Records to process
######

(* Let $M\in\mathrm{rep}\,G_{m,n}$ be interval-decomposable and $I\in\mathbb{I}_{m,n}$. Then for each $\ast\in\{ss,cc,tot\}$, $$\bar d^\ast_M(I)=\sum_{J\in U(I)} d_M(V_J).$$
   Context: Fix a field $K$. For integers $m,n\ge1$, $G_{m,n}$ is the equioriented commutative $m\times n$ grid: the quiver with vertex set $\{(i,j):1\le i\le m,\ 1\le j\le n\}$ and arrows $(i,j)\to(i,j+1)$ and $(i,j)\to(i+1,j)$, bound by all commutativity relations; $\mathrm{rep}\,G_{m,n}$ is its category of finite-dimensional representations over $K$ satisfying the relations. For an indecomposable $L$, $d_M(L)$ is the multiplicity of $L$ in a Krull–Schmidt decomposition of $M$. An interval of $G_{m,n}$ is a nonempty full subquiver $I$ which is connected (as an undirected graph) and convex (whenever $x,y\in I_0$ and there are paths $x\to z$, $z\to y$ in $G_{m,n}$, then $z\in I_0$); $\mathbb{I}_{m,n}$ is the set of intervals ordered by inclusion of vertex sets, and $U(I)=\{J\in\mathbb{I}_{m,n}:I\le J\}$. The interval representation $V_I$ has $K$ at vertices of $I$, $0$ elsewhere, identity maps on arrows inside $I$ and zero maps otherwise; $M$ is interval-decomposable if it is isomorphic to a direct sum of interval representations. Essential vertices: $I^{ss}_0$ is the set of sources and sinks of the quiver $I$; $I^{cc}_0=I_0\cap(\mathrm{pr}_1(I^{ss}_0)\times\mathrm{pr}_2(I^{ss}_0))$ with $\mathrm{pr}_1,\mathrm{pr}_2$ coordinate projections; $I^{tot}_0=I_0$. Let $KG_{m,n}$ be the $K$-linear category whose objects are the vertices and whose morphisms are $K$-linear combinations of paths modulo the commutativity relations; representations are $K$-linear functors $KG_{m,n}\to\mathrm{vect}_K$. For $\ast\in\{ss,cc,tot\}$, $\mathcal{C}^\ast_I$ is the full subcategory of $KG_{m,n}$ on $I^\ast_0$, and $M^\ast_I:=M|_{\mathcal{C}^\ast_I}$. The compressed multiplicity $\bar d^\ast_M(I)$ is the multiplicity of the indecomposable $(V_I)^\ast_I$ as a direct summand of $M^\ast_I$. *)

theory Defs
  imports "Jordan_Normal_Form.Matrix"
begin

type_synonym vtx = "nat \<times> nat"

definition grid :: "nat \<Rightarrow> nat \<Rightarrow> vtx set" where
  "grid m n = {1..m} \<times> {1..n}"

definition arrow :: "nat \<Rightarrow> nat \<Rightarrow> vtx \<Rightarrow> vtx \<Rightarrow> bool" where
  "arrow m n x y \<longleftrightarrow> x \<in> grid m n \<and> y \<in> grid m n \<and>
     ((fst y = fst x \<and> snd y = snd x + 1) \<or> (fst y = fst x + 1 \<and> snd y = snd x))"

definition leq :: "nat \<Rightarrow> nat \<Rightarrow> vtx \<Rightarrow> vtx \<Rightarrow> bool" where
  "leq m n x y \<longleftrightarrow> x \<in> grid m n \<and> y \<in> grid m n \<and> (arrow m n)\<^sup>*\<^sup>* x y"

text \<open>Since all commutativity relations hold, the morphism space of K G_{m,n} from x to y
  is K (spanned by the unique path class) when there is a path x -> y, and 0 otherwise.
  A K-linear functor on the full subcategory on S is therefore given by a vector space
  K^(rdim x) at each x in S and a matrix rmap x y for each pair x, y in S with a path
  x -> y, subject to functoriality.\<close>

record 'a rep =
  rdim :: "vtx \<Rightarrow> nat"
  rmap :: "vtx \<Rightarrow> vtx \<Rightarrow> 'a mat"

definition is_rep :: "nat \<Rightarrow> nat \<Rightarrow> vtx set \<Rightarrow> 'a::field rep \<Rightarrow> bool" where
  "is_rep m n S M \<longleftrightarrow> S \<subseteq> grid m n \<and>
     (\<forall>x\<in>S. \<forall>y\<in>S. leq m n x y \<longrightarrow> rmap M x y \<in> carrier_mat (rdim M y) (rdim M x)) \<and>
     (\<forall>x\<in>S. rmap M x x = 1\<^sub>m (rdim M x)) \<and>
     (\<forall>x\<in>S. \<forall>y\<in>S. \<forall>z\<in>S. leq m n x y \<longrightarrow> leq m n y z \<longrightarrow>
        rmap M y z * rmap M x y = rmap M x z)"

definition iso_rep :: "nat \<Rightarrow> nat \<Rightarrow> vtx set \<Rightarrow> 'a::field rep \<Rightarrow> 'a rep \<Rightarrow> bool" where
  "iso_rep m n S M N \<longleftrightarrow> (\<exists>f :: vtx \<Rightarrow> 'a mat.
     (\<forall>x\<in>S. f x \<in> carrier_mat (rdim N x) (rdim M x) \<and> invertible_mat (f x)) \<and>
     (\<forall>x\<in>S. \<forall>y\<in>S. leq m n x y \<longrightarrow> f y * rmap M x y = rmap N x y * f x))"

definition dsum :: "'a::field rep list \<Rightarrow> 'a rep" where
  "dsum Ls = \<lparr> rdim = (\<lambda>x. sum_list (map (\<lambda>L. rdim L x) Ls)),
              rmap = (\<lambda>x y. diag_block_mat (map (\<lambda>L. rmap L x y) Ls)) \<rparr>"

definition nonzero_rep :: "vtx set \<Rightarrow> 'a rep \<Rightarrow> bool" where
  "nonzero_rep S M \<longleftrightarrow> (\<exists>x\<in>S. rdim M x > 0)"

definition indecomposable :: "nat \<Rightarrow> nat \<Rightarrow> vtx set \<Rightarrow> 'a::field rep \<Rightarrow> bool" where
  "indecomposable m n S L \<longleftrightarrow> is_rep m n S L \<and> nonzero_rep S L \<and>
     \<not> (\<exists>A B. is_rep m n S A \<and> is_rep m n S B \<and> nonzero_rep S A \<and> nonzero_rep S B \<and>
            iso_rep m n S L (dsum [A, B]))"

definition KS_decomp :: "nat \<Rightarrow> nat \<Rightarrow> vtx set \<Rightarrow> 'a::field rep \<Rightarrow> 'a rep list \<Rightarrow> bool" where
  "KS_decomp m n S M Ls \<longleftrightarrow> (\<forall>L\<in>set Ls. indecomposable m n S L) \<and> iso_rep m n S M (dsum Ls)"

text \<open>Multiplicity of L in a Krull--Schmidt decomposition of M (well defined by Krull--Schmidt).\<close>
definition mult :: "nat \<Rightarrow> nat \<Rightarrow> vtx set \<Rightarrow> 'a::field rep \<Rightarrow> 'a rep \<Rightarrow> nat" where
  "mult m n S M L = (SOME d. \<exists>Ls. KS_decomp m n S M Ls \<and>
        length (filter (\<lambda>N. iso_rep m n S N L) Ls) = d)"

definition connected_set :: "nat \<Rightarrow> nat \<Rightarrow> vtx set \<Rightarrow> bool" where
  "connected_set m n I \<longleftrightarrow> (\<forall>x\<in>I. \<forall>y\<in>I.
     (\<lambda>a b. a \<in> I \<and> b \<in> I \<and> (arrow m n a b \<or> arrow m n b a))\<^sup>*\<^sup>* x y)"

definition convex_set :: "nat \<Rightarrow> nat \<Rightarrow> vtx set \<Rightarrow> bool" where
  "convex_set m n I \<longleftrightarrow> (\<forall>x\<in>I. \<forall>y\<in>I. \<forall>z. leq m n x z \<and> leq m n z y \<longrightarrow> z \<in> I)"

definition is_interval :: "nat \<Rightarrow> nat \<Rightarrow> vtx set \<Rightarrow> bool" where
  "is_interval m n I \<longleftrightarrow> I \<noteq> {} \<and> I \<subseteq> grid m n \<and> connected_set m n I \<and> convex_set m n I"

######

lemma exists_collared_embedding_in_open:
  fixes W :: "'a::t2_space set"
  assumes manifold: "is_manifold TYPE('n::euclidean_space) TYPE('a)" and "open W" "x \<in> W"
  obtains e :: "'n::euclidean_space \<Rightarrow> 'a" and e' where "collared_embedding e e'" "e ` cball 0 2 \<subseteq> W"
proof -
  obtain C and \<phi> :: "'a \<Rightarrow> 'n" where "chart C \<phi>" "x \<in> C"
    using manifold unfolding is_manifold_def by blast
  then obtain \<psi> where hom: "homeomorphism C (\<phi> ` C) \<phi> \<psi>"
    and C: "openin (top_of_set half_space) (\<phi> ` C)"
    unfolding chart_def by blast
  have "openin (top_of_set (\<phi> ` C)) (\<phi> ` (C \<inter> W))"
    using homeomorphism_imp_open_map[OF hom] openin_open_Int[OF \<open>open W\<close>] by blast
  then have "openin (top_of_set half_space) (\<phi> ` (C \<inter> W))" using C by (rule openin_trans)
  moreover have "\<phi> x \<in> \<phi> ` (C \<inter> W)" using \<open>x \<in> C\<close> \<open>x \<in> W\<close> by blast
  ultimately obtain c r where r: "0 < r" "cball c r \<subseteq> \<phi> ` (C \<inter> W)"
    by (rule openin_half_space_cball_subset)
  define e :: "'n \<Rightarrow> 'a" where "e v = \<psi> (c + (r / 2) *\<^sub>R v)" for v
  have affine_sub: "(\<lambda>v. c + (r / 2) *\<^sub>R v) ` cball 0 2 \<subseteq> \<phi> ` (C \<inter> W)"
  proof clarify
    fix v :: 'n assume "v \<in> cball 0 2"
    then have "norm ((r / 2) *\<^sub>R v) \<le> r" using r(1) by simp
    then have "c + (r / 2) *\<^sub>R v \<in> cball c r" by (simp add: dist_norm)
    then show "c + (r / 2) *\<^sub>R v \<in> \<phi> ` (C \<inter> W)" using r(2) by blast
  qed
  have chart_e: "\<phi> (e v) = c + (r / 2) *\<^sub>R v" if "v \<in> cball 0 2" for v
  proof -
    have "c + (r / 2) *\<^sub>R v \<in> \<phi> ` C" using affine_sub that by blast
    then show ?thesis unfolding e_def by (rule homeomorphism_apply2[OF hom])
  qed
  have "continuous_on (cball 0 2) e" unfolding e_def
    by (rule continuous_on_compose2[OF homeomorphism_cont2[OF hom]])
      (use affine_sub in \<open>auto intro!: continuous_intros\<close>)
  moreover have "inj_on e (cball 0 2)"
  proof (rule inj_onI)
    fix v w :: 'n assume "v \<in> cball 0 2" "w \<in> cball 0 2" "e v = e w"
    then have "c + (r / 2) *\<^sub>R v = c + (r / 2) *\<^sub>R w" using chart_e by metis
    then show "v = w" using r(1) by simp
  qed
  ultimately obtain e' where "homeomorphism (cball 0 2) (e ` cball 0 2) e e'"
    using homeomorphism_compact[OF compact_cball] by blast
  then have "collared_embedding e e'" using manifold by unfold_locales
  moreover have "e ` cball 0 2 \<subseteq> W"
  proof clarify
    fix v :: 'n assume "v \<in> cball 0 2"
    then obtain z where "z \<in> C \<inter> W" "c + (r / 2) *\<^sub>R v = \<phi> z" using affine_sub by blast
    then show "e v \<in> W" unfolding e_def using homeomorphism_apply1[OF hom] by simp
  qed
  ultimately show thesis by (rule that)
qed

######

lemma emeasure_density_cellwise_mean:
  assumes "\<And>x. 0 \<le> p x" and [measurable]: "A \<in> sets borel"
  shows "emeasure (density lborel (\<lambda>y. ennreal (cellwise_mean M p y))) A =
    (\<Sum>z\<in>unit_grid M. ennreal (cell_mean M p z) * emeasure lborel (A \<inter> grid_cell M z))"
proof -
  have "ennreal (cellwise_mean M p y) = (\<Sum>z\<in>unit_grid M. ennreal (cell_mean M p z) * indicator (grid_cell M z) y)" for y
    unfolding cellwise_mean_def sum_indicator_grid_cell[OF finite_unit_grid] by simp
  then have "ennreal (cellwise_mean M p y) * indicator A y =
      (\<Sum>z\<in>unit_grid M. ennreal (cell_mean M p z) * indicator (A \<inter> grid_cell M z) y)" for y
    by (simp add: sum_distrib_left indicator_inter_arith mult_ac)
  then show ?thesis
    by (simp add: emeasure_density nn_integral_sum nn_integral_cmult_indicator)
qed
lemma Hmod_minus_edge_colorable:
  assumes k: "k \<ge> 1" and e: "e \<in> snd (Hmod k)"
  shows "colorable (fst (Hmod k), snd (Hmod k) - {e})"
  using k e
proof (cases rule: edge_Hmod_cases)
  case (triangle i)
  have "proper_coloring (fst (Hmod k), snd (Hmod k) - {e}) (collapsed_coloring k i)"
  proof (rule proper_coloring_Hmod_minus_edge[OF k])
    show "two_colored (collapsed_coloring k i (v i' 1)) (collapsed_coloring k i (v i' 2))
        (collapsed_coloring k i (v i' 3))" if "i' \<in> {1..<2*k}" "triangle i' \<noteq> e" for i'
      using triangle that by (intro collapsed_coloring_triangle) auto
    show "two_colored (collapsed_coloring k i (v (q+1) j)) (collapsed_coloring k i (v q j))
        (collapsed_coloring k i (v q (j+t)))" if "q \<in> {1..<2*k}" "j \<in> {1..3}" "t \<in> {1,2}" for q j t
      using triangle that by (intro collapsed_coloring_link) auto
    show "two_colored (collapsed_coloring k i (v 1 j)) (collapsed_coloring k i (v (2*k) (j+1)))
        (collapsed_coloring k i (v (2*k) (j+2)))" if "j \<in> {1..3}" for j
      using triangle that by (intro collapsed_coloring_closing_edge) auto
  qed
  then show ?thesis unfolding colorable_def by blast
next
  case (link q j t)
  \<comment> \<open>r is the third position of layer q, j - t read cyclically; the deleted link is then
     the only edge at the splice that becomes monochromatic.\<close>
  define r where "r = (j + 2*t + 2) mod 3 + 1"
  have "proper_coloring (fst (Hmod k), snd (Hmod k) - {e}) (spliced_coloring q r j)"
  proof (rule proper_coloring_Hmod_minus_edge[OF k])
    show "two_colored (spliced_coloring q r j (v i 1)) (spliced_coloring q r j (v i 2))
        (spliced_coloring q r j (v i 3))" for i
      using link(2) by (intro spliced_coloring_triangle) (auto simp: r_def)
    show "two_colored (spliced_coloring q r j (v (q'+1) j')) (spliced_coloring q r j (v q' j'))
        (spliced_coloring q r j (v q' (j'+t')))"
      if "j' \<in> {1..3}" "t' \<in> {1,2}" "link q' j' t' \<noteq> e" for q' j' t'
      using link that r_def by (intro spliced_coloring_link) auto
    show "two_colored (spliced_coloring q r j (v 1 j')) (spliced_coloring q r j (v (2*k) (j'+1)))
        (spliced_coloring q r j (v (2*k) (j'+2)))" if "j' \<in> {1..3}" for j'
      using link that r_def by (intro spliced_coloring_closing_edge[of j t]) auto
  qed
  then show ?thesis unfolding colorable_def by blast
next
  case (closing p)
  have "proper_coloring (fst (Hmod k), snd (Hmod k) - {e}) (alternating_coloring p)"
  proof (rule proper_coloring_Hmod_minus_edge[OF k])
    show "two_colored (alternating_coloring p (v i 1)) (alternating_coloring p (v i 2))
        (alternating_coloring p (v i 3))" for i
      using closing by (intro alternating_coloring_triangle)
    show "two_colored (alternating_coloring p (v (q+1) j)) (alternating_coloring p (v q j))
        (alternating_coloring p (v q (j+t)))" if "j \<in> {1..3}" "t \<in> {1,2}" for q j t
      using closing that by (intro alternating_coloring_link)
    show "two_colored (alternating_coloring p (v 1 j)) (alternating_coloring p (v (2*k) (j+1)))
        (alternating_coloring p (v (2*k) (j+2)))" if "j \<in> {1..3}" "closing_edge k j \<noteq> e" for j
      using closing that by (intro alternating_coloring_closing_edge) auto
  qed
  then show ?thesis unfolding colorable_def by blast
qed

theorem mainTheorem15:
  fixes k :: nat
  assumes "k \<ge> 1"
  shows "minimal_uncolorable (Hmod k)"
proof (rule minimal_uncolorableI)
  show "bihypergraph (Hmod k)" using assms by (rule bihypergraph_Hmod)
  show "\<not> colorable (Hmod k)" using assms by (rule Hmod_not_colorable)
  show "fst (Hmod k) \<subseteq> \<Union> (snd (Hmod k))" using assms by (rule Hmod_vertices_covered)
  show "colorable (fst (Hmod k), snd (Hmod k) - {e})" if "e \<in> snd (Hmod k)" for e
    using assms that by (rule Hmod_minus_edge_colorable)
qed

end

######

Exercise requirements
All lines from the listing above that include "assms" should be shown.

Task solution
  show "bihypergraph (Hmod k)" using assms by (rule bihypergraph_Hmod)
  show "\<not> colorable (Hmod k)" using assms by (rule Hmod_not_colorable)
  show "fst (Hmod k) \<subseteq> \<Union> (snd (Hmod k))" using assms by (rule Hmod_vertices_covered)
    using assms that by (rule Hmod_minus_edge_colorable)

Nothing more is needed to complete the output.